BEGIN Raw data
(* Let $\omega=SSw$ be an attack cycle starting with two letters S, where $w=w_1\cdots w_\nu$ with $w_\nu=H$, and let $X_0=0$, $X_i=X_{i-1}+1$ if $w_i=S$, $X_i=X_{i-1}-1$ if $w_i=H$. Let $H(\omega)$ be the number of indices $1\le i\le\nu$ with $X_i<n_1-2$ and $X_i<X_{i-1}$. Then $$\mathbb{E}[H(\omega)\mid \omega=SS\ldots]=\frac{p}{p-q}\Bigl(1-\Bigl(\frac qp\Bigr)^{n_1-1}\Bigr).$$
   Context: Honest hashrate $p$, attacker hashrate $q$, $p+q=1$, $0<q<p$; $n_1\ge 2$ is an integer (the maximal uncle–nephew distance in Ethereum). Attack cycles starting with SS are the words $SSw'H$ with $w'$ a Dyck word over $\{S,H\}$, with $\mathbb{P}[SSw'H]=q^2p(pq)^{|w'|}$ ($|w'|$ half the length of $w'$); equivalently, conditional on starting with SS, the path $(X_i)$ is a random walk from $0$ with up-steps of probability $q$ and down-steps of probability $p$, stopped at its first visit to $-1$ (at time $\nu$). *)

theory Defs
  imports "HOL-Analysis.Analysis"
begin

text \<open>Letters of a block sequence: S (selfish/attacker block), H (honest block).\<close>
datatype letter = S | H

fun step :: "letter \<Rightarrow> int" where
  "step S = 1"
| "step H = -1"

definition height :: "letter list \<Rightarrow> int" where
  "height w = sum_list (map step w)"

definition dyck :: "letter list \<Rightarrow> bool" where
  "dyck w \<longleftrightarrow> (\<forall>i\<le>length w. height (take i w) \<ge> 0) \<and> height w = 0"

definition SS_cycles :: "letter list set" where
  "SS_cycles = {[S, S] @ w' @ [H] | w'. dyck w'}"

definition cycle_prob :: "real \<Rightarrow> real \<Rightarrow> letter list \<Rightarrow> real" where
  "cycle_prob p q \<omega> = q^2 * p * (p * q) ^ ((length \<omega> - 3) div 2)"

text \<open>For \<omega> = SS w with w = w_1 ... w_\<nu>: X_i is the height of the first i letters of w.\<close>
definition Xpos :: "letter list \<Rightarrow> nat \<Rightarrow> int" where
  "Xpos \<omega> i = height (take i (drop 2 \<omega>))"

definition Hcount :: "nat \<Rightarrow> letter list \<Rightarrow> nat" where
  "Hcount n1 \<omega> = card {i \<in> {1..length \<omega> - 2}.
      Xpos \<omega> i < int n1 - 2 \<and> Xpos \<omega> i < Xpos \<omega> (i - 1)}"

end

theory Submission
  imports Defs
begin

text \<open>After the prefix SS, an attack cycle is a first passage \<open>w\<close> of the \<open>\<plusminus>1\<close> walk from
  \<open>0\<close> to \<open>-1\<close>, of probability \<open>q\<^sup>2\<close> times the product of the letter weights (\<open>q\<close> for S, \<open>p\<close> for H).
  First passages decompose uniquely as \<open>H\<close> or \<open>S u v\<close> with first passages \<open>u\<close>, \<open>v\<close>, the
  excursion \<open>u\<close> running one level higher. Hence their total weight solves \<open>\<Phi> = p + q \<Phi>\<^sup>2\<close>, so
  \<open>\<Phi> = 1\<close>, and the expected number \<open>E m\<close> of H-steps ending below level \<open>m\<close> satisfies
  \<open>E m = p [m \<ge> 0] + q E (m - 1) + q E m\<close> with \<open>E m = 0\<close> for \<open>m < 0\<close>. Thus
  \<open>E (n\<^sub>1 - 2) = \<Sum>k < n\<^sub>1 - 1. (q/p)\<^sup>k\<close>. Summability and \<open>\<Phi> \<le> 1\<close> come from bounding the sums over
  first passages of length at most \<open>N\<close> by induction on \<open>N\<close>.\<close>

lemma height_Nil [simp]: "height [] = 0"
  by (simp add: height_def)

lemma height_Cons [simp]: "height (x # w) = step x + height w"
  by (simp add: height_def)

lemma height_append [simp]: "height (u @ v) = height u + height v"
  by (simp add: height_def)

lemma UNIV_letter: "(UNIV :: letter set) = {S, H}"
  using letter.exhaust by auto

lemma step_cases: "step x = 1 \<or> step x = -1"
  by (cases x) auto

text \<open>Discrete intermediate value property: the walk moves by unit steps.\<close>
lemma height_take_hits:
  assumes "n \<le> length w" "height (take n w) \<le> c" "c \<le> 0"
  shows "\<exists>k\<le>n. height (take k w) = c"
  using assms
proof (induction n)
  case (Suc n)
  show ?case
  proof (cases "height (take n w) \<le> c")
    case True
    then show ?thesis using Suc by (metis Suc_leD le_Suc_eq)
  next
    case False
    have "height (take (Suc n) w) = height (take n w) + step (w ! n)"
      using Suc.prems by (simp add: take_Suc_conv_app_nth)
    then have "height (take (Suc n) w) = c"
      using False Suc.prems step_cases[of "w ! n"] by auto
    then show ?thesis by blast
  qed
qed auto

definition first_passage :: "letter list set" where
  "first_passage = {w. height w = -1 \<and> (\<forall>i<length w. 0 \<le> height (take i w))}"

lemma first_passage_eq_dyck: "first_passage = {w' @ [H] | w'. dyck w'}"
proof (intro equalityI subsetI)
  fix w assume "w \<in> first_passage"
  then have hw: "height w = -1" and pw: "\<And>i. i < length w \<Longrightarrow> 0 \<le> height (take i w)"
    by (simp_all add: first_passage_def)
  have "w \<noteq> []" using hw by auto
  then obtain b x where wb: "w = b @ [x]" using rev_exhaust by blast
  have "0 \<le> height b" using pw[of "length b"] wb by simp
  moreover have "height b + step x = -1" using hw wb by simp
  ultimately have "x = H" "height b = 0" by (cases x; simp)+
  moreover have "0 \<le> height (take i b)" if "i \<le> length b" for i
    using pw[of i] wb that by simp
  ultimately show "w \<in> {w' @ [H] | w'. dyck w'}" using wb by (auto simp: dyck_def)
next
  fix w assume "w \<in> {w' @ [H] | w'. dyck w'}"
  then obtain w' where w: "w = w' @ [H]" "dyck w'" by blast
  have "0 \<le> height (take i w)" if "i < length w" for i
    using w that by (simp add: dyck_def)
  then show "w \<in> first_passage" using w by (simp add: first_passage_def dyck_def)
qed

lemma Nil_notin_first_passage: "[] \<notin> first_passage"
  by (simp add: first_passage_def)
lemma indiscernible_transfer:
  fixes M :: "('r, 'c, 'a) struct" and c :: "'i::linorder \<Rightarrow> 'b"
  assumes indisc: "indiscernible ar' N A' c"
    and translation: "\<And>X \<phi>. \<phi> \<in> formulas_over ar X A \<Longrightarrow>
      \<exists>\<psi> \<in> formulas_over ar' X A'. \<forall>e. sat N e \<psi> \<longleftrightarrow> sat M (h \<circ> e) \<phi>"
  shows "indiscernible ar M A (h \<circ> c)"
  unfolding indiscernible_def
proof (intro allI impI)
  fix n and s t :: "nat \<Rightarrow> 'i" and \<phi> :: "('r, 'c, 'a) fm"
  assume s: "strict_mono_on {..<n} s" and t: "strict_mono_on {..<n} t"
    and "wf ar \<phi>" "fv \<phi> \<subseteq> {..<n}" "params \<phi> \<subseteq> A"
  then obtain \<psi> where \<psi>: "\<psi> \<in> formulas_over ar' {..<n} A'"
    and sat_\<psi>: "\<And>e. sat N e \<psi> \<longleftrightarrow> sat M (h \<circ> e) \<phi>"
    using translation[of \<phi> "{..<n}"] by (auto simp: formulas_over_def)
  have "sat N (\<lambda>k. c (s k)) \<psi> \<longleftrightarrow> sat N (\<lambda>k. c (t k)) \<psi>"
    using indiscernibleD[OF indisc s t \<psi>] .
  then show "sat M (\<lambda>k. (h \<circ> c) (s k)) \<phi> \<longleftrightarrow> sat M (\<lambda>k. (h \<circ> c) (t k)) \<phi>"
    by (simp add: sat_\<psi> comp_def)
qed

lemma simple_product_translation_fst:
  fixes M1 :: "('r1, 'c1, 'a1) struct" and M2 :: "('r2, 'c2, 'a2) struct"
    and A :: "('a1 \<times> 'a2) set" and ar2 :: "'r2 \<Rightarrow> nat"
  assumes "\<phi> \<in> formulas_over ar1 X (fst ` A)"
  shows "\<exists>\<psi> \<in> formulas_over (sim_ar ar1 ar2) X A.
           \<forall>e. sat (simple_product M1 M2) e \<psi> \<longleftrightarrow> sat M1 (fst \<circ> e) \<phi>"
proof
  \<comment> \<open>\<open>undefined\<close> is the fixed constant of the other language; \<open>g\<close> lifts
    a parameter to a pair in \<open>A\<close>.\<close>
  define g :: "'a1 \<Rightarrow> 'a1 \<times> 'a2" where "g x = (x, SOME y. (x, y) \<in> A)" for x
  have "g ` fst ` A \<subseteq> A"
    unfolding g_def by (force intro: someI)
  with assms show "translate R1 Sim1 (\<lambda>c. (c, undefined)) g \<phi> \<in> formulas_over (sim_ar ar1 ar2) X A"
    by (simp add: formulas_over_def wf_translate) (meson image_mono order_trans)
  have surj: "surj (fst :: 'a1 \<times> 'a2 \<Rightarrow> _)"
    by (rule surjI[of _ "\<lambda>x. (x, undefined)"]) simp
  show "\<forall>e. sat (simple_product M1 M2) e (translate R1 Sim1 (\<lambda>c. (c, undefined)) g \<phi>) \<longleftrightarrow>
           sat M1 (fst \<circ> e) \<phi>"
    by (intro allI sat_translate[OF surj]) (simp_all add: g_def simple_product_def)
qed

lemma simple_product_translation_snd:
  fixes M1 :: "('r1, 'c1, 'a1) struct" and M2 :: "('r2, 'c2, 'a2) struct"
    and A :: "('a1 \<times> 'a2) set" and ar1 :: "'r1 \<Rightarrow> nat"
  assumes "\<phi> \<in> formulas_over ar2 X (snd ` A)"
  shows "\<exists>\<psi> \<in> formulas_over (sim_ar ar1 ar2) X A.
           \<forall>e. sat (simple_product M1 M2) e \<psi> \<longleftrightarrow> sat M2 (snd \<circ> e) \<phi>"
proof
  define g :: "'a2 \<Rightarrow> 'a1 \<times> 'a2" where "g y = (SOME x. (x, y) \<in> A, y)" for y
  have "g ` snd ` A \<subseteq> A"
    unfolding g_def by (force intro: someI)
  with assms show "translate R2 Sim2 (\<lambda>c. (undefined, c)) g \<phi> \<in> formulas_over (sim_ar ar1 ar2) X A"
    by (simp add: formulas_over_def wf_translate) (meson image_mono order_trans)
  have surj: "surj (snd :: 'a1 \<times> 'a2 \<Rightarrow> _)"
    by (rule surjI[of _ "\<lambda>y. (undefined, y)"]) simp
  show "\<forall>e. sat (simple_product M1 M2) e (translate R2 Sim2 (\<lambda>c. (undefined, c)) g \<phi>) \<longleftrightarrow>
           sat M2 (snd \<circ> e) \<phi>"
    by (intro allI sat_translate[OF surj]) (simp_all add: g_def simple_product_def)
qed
END Raw data
Assignment: Nothing but the exact lines from the start of the material through the line holding "n1 \<omega> = card", both included, belongs in the answer.

Exercise response:
(* Let $\omega=SSw$ be an attack cycle starting with two letters S, where $w=w_1\cdots w_\nu$ with $w_\nu=H$, and let $X_0=0$, $X_i=X_{i-1}+1$ if $w_i=S$, $X_i=X_{i-1}-1$ if $w_i=H$. Let $H(\omega)$ be the number of indices $1\le i\le\nu$ with $X_i<n_1-2$ and $X_i<X_{i-1}$. Then $$\mathbb{E}[H(\omega)\mid \omega=SS\ldots]=\frac{p}{p-q}\Bigl(1-\Bigl(\frac qp\Bigr)^{n_1-1}\Bigr).$$
   Context: Honest hashrate $p$, attacker hashrate $q$, $p+q=1$, $0<q<p$; $n_1\ge 2$ is an integer (the maximal uncle–nephew distance in Ethereum). Attack cycles starting with SS are the words $SSw'H$ with $w'$ a Dyck word over $\{S,H\}$, with $\mathbb{P}[SSw'H]=q^2p(pq)^{|w'|}$ ($|w'|$ half the length of $w'$); equivalently, conditional on starting with SS, the path $(X_i)$ is a random walk from $0$ with up-steps of probability $q$ and down-steps of probability $p$, stopped at its first visit to $-1$ (at time $\nu$). *)

theory Defs
  imports "HOL-Analysis.Analysis"
begin

text \<open>Letters of a block sequence: S (selfish/attacker block), H (honest block).\<close>
datatype letter = S | H

fun step :: "letter \<Rightarrow> int" where
  "step S = 1"
| "step H = -1"

definition height :: "letter list \<Rightarrow> int" where
  "height w = sum_list (map step w)"

definition dyck :: "letter list \<Rightarrow> bool" where
  "dyck w \<longleftrightarrow> (\<forall>i\<le>length w. height (take i w) \<ge> 0) \<and> height w = 0"

definition SS_cycles :: "letter list set" where
  "SS_cycles = {[S, S] @ w' @ [H] | w'. dyck w'}"

definition cycle_prob :: "real \<Rightarrow> real \<Rightarrow> letter list \<Rightarrow> real" where
  "cycle_prob p q \<omega> = q^2 * p * (p * q) ^ ((length \<omega> - 3) div 2)"

text \<open>For \<omega> = SS w with w = w_1 ... w_\<nu>: X_i is the height of the first i letters of w.\<close>
definition Xpos :: "letter list \<Rightarrow> nat \<Rightarrow> int" where
  "Xpos \<omega> i = height (take i (drop 2 \<omega>))"

definition Hcount :: "nat \<Rightarrow> letter list \<Rightarrow> nat" where
  "Hcount n1 \<omega> = card {i \<in> {1..length \<omega> - 2}.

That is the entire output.